lemma scaled_active_multipliers_limit:
  fixes y :: "nat \<Rightarrow> real ^ 'n" and R :: "nat \<Rightarrow> real" and U M :: "nat \<Rightarrow> nat \<Rightarrow> real"
  assumes C1_th: "C1 th" and C1_g: "\<And>j. j < m \<Longrightarrow> C1 (g j)" and C1_h: "\<And>j. j < p \<Longrightarrow> C1 (h j)"
    and y_lim: "y \<longlonglongrightarrow> xb"
    and R_pos: "\<And>l. 0 < R l" and R_lim: "filterlim R at_top sequentially"
    and U_bdd: "\<And>j. j < m \<Longrightarrow> bounded (range (\<lambda>l. U l j))"
    and stationary: "\<And>l. norm (blockv blk nu (grad (\<lambda>z. aug_lag th g m z (U l) (R l)) (y l))
        + (\<Sum>j<p. M l j *\<^sub>R blockv blk nu (grad (h j) (y l)))) \<le> B"
    and remainder_lim: "\<And>j. j < p \<Longrightarrow> (\<lambda>l. M l j - (if h j xb = 0 then max 0 (M l j) else 0)) \<longlonglongrightarrow> 0"
  shows "(\<lambda>l. \<Sum>j<p. ((if h j xb = 0 then max 0 (M l j) else 0) / R l) *\<^sub>R blockv blk nu (grad (h j) (y l)))
         \<longlonglongrightarrow> - (\<Sum>j<m. max 0 (g j xb) *\<^sub>R blockv blk nu (grad (g j) xb))"
proof -
  define G where "G j z = blockv blk nu (grad (h j) z)" for j z
  define V where "V l = blockv blk nu (grad (\<lambda>z. aug_lag th g m z (U l) (R l)) (y l))
      + (\<Sum>j<p. M l j *\<^sub>R G j (y l))" for l
  define \<kappa> where "\<kappa> l j = M l j - (if h j xb = 0 then max 0 (M l j) else 0)" for l j
  define D where "D l = (1 / R l) *\<^sub>R blockv blk nu (grad (\<lambda>z. aug_lag th g m z (U l) (R l)) (y l))
      + (\<Sum>j<p. (\<kappa> l j / R l) *\<^sub>R G j (y l))" for l
  \<comment> \<open>The scaled residual vanishes, while the scaled Lagrangian without the active positive parts converges.\<close>
  have V_lim: "(\<lambda>l. (1 / R l) *\<^sub>R V l) \<longlonglongrightarrow> 0"
  proof (rule Lim_null_comparison[OF always_eventually])
    show "\<forall>l. norm ((1 / R l) *\<^sub>R V l) \<le> B * (1 / R l)"
      using stationary R_pos by (simp add: V_def G_def divide_right_mono less_imp_le)
    show "(\<lambda>l. B * (1 / R l)) \<longlonglongrightarrow> 0"
      using bounded_divide_tendsto_zero[of "\<lambda>_. B", OF _ R_pos R_lim] by simp
  qed
  have D_lim: "D \<longlonglongrightarrow> (\<Sum>j<m. max 0 (g j xb) *\<^sub>R blockv blk nu (grad (g j) xb))"
    unfolding D_def G_def \<kappa>_def
    by (rule scaled_aug_lag_stationarity_limit[OF C1_th C1_g C1_h y_lim R_pos R_lim U_bdd remainder_lim])
  have diff_eq: "(1 / R l) *\<^sub>R V l - D l
      = (\<Sum>j<p. ((if h j xb = 0 then max 0 (M l j) else 0) / R l) *\<^sub>R G j (y l))" for l
  proof -
    have "(M l j / R l) *\<^sub>R G j (y l) - (\<kappa> l j / R l) *\<^sub>R G j (y l)
        = ((if h j xb = 0 then max 0 (M l j) else 0) / R l) *\<^sub>R G j (y l)" for j
      by (simp add: \<kappa>_def diff_divide_distrib flip: scaleR_diff_left)
    then show ?thesis
      by (simp add: V_def D_def scaleR_add_right scaleR_sum_right flip: sum_subtractf)
  qed
  have "(\<lambda>l. (1 / R l) *\<^sub>R V l - D l)
      \<longlonglongrightarrow> 0 - (\<Sum>j<m. max 0 (g j xb) *\<^sub>R blockv blk nu (grad (g j) xb))"
    by (rule tendsto_diff[OF V_lim D_lim])
  then show ?thesis by (simp add: diff_eq G_def)
qed

lemma feas_KKT_at_if_penalty_unbounded:
  fixes y :: "nat \<Rightarrow> real ^ 'n" and R :: "nat \<Rightarrow> real" and U M :: "nat \<Rightarrow> nat \<Rightarrow> real"
  assumes C1_th: "C1 th" and C1_g: "\<And>j. j < m \<Longrightarrow> C1 (g j)" and C1_h: "\<And>j. j < p \<Longrightarrow> C1 (h j)"
    and y_lim: "y \<longlonglongrightarrow> xb"
    and R_pos: "\<And>l. 0 < R l" and R_lim: "filterlim R at_top sequentially"
    and U_bdd: "\<And>j. j < m \<Longrightarrow> bounded (range (\<lambda>l. U l j))"
    and stationary: "\<And>l. norm (blockv blk nu (grad (\<lambda>z. aug_lag th g m z (U l) (R l)) (y l))
        + (\<Sum>j<p. M l j *\<^sub>R blockv blk nu (grad (h j) (y l)))) \<le> B"
    and compl: "\<And>l. L2_set (\<lambda>j. min (- h j (y l)) (M l j)) {..<p} \<le> e l"
    and e_lim: "e \<longlonglongrightarrow> 0"
    and cpld: "CPLD blk nu h p xb"
  shows "feas_KKT_at blk nu g m h p xb"
proof -
  define G where "G j z = blockv blk nu (grad (h j) z)" for j z
  define A where "A = {j. j < p \<and> h j xb = 0}"
  define c where "c l j = max 0 (M l j) / R l" for l j
  define as where "as = (\<Sum>j<m. max 0 (g j xb) *\<^sub>R blockv blk nu (grad (g j) xb))"
  have "finite A" "A \<subseteq> {..<p}" by (auto simp: A_def)
  have "\<bar>min (- h j (y l)) (M l j)\<bar> \<le> e l" if "j < p" for j l
    using abs_le_L2_set[of "{..<p}" j "\<lambda>j. min (- h j (y l)) (M l j)"] compl[of l] that by simp
  note compl_lim = approx_complementarity_limit[OF y_lim C1_imp_isCont[OF C1_h] this e_lim]
  have "(\<lambda>l. \<Sum>j<p. ((if h j xb = 0 then max 0 (M l j) else 0) / R l) *\<^sub>R G j (y l)) \<longlonglongrightarrow> - as"
    unfolding G_def as_def
    by (rule scaled_active_multipliers_limit[OF C1_th C1_g C1_h y_lim R_pos R_lim U_bdd stationary compl_lim(2)])
  moreover have "(\<Sum>j<p. ((if h j xb = 0 then max 0 (M l j) else 0) / R l) *\<^sub>R G j (y l))
      = (\<Sum>j\<in>A. c l j *\<^sub>R G j (y l))" for l
    using \<open>A \<subseteq> {..<p}\<close> by (intro sum.mono_neutral_cong_right) (auto simp: A_def c_def)
  ultimately have comb_lim: "(\<lambda>l. \<Sum>j\<in>A. c l j *\<^sub>R G j (y l)) \<longlonglongrightarrow> - as"
    by simp
  have G_cont: "isCont (G j) xb" if "j \<in> A" for j
    using that unfolding A_def G_def[abs_def] by (auto intro: C1_imp_isCont_blockv_grad C1_h)
  have c_nonneg: "0 \<le> c l j" for l j
    using R_pos[of l] by (simp add: c_def)
  have cpld_A: "eventually (\<lambda>z. lin_dep_fam (\<lambda>j. G j z) J) (nhds xb)"
    if "J \<subseteq> A" "pos_lin_dep (\<lambda>j. G j xb) J" for J
    using cpld that unfolding CPLD_def G_def A_def by blast
  obtain w where w_nonneg: "\<forall>j\<in>A. 0 \<le> w j" and w: "- as = (\<Sum>j\<in>A. w j *\<^sub>R G j xb)"
    using CPLD_conic_comb_limit[OF \<open>finite A\<close> G_cont y_lim c_nonneg comb_lim cpld_A] by blast
  have "as + (\<Sum>j\<in>A. w j *\<^sub>R G j xb) = 0"
    by (simp flip: w)
  then show ?thesis
    using w_nonneg C1_g compl_lim(1) unfolding as_def G_def
    by (intro feas_KKT_at_if_in_active_cone[where A=A and w=w]) (auto simp: A_def C1_imp_differentiable)
qed
text \<open>Square integrable C^2-valued functions (norm on complex \<times> complex is the Euclidean norm).\<close>
definition L2 :: "(real \<Rightarrow> complex \<times> complex) \<Rightarrow> bool" where
  "L2 F \<longleftrightarrow> F \<in> borel_measurable lborel \<and> integrable lborel (\<lambda>x. (norm (F x))\<^sup>2)"

text \<open>Pointwise action of M(r) on F at x, given the derivative d = F'(x).\<close>
definition Mop :: "(real \<Rightarrow> complex) \<Rightarrow> (real \<Rightarrow> complex \<times> complex) \<Rightarrow> real
                    \<Rightarrow> complex \<times> complex \<Rightarrow> complex \<times> complex" where
  "Mop r F x d = (\<i> * (fst d - r x * snd (F x)), \<i> * (- cnj (r x) * fst (F x) - snd d))"

definition cscale :: "complex \<Rightarrow> complex \<times> complex \<Rightarrow> complex \<times> complex" where
  "cscale c v = (c * fst v, c * snd v)"

definition Kop :: "complex \<times> complex \<Rightarrow> complex \<times> complex" where
  "Kop v = (cnj (snd v), - cnj (fst v))"

definition wave_function :: "(real \<Rightarrow> complex) \<Rightarrow> complex \<Rightarrow> (real \<Rightarrow> complex \<times> complex) \<Rightarrow> bool" where
  "wave_function q z \<Psi> \<longleftrightarrow> AC_loc \<Psi> \<and> (\<exists>x. \<Psi> x \<noteq> 0) \<and>
     (AE x in lborel. \<exists>d. (\<Psi> has_vector_derivative d) (at x) \<and>
         d = (- \<i> * z * fst (\<Psi> x) + q x * snd (\<Psi> x),
              \<i> * z * snd (\<Psi> x) - cnj (q x) * fst (\<Psi> x)))"

text \<open>Graph of the maximal operator D(r): F \<in> dom D(r) and D(r) F = G (as elements of L^2).\<close>
definition D_graph :: "(real \<Rightarrow> complex) \<Rightarrow> (real \<Rightarrow> complex \<times> complex) \<Rightarrow> (real \<Rightarrow> complex \<times> complex) \<Rightarrow> bool" where
  "D_graph r F G \<longleftrightarrow> L2 F \<and> AC_loc F \<and> L2 G \<and>
     (AE x in lborel. \<exists>d. (F has_vector_derivative d) (at x) \<and> Mop r F x d = G x)"

definition D_dom :: "(real \<Rightarrow> complex) \<Rightarrow> (real \<Rightarrow> complex \<times> complex) \<Rightarrow> bool" where
  "D_dom r F \<longleftrightarrow> (\<exists>G. D_graph r F G)"

definition eigenfunction :: "(real \<Rightarrow> complex) \<Rightarrow> complex \<Rightarrow> (real \<Rightarrow> complex \<times> complex) \<Rightarrow> bool" where
  "eigenfunction r z F \<longleftrightarrow> D_graph r F (\<lambda>x. cscale z (F x)) \<and> \<not> (AE x in lborel. F x = 0)"

definition simple_eigenvalue_with :: "(real \<Rightarrow> complex) \<Rightarrow> complex \<Rightarrow> (real \<Rightarrow> complex \<times> complex) \<Rightarrow> bool" where
  "simple_eigenvalue_with r z F \<longleftrightarrow> eigenfunction r z F \<and>
     (\<forall>G. D_graph r G (\<lambda>x. cscale z (G x)) \<longrightarrow> (\<exists>c. AE x in lborel. G x = cscale c (F x)))"

end

theory Submission
  imports Defs
begin

(*
  Where \<Psi> is differentiable, the quotient rule together with
  (|\<Psi>|\<^sup>2)' = 2 Im z1 (|\<psi>\<^sub>1|\<^sup>2 - |\<psi>\<^sub>2|\<^sup>2) shows by direct computation that
  \<Phi> = Im z1 |\<Psi>|\<^sup>-\<^sup>2 K\<Psi> solves the Dirac system of q1 at z1, and |\<Phi>|\<^sup>2 = (Im z1)\<^sup>2 / |\<Psi>|\<^sup>2 is
  integrable; K maps solutions at z to solutions at conj z.  For multiplicity one: the
  Wronskian of two solutions is constant, and for two L\<^sup>2 solutions it is integrable, hence zero.
  So a second eigenfunction G agrees with a multiple c \<Phi> at one point, and G - c \<Phi> vanishes
  identically because solutions are unique: (|F|\<^sup>2)' is bounded by 2 |Im z| |F|\<^sup>2, and Gronwall
  applies.  Solutions are only absolutely continuous, so constancy and monotonicity from a.e.
  derivatives are derived from Luzin's property (N).
*)

section \<open>Absolutely continuous functions\<close>

definition nonoverlapping_subintervals ::
    "real \<Rightarrow> real \<Rightarrow> nat \<Rightarrow> (nat \<Rightarrow> real) \<Rightarrow> (nat \<Rightarrow> real) \<Rightarrow> bool" where
  "nonoverlapping_subintervals a b n u v \<longleftrightarrow>
     (\<forall>i<n. a \<le> u i \<and> u i \<le> v i \<and> v i \<le> b) \<and>
     (\<forall>i<n. \<forall>j<n. i \<noteq> j \<longrightarrow> v i \<le> u j \<or> v j \<le> u i)"

lemma AC_on_ivl_iff:
  "AC_on_ivl a b f \<longleftrightarrow> (\<forall>e>0. \<exists>d>0. \<forall>n u v.
     nonoverlapping_subintervals a b n u v \<and> (\<Sum>i<n. v i - u i) < d
       \<longrightarrow> (\<Sum>i<n. norm (f (v i) - f (u i))) < e)"
  unfolding AC_on_ivl_def nonoverlapping_subintervals_def by (simp only: conj_assoc)

lemma AC_on_ivlI:
  assumes "\<And>e. e > 0 \<Longrightarrow> \<exists>d>0. \<forall>n u v.
     nonoverlapping_subintervals a b n u v \<and> (\<Sum>i<n. v i - u i) < d
       \<longrightarrow> (\<Sum>i<n. norm (f (v i) - f (u i))) < e"
  shows "AC_on_ivl a b f"
  unfolding AC_on_ivl_iff using assms by blast

lemma AC_on_ivlE:
  assumes "AC_on_ivl a b f" "e > 0"
  obtains d where "d > 0"
    "\<And>n u v. nonoverlapping_subintervals a b n u v \<Longrightarrow> (\<Sum>i<n. v i - u i) < d
       \<Longrightarrow> (\<Sum>i<n. norm (f (v i) - f (u i))) < e"
  using assms unfolding AC_on_ivl_iff by meson

lemma nonoverlapping_subintervals_enumerate:
  assumes "finite I"
    and inside: "\<And>K. K \<in> I \<Longrightarrow> a \<le> u K \<and> u K \<le> v K \<and> v K \<le> b"
    and apart: "\<And>K K'. K \<in> I \<Longrightarrow> K' \<in> I \<Longrightarrow> K \<noteq> K' \<Longrightarrow> v K \<le> u K' \<or> v K' \<le> u K"
  obtains h where "bij_betw h {..<card I} I"
    "nonoverlapping_subintervals a b (card I) (u \<circ> h) (v \<circ> h)"
proof -
  obtain h where h: "bij_betw h {..<card I} I"
    using ex_bij_betw_nat_finite[OF \<open>finite I\<close>] by (auto simp: atLeast0LessThan)
  have in_I: "h i \<in> I" if "i < card I" for i
    using bij_betwE[OF h] that by blast
  have distinct: "h i \<noteq> h j" if "i < card I" "j < card I" "i \<noteq> j" for i j
    using bij_betw_imp_inj_on[OF h] that unfolding inj_on_def by blast
  have "nonoverlapping_subintervals a b (card I) (u \<circ> h) (v \<circ> h)"
    unfolding nonoverlapping_subintervals_def o_def
    using inside[OF in_I] apart[OF in_I in_I distinct] by blast
  with h show thesis by (rule that)
qed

-*-

- [WHAT YOU SHOULD DO] Only one stretch of the records above is wanted: the lines between the one holding "using that unfolding" and the one holding "using w_nonneg C1_g", inclusive, reproduced exactly.

- [WRITTEN ANSWER]
    using that unfolding A_def G_def[abs_def] by (auto intro: C1_imp_isCont_blockv_grad C1_h)
  have c_nonneg: "0 \<le> c l j" for l j
    using R_pos[of l] by (simp add: c_def)
  have cpld_A: "eventually (\<lambda>z. lin_dep_fam (\<lambda>j. G j z) J) (nhds xb)"
    if "J \<subseteq> A" "pos_lin_dep (\<lambda>j. G j xb) J" for J
    using cpld that unfolding CPLD_def G_def A_def by blast
  obtain w where w_nonneg: "\<forall>j\<in>A. 0 \<le> w j" and w: "- as = (\<Sum>j\<in>A. w j *\<^sub>R G j xb)"
    using CPLD_conic_comb_limit[OF \<open>finite A\<close> G_cont y_lim c_nonneg comb_lim cpld_A] by blast
  have "as + (\<Sum>j\<in>A. w j *\<^sub>R G j xb) = 0"
    by (simp flip: w)
  then show ?thesis
    using w_nonneg C1_g compl_lim(1) unfolding as_def G_def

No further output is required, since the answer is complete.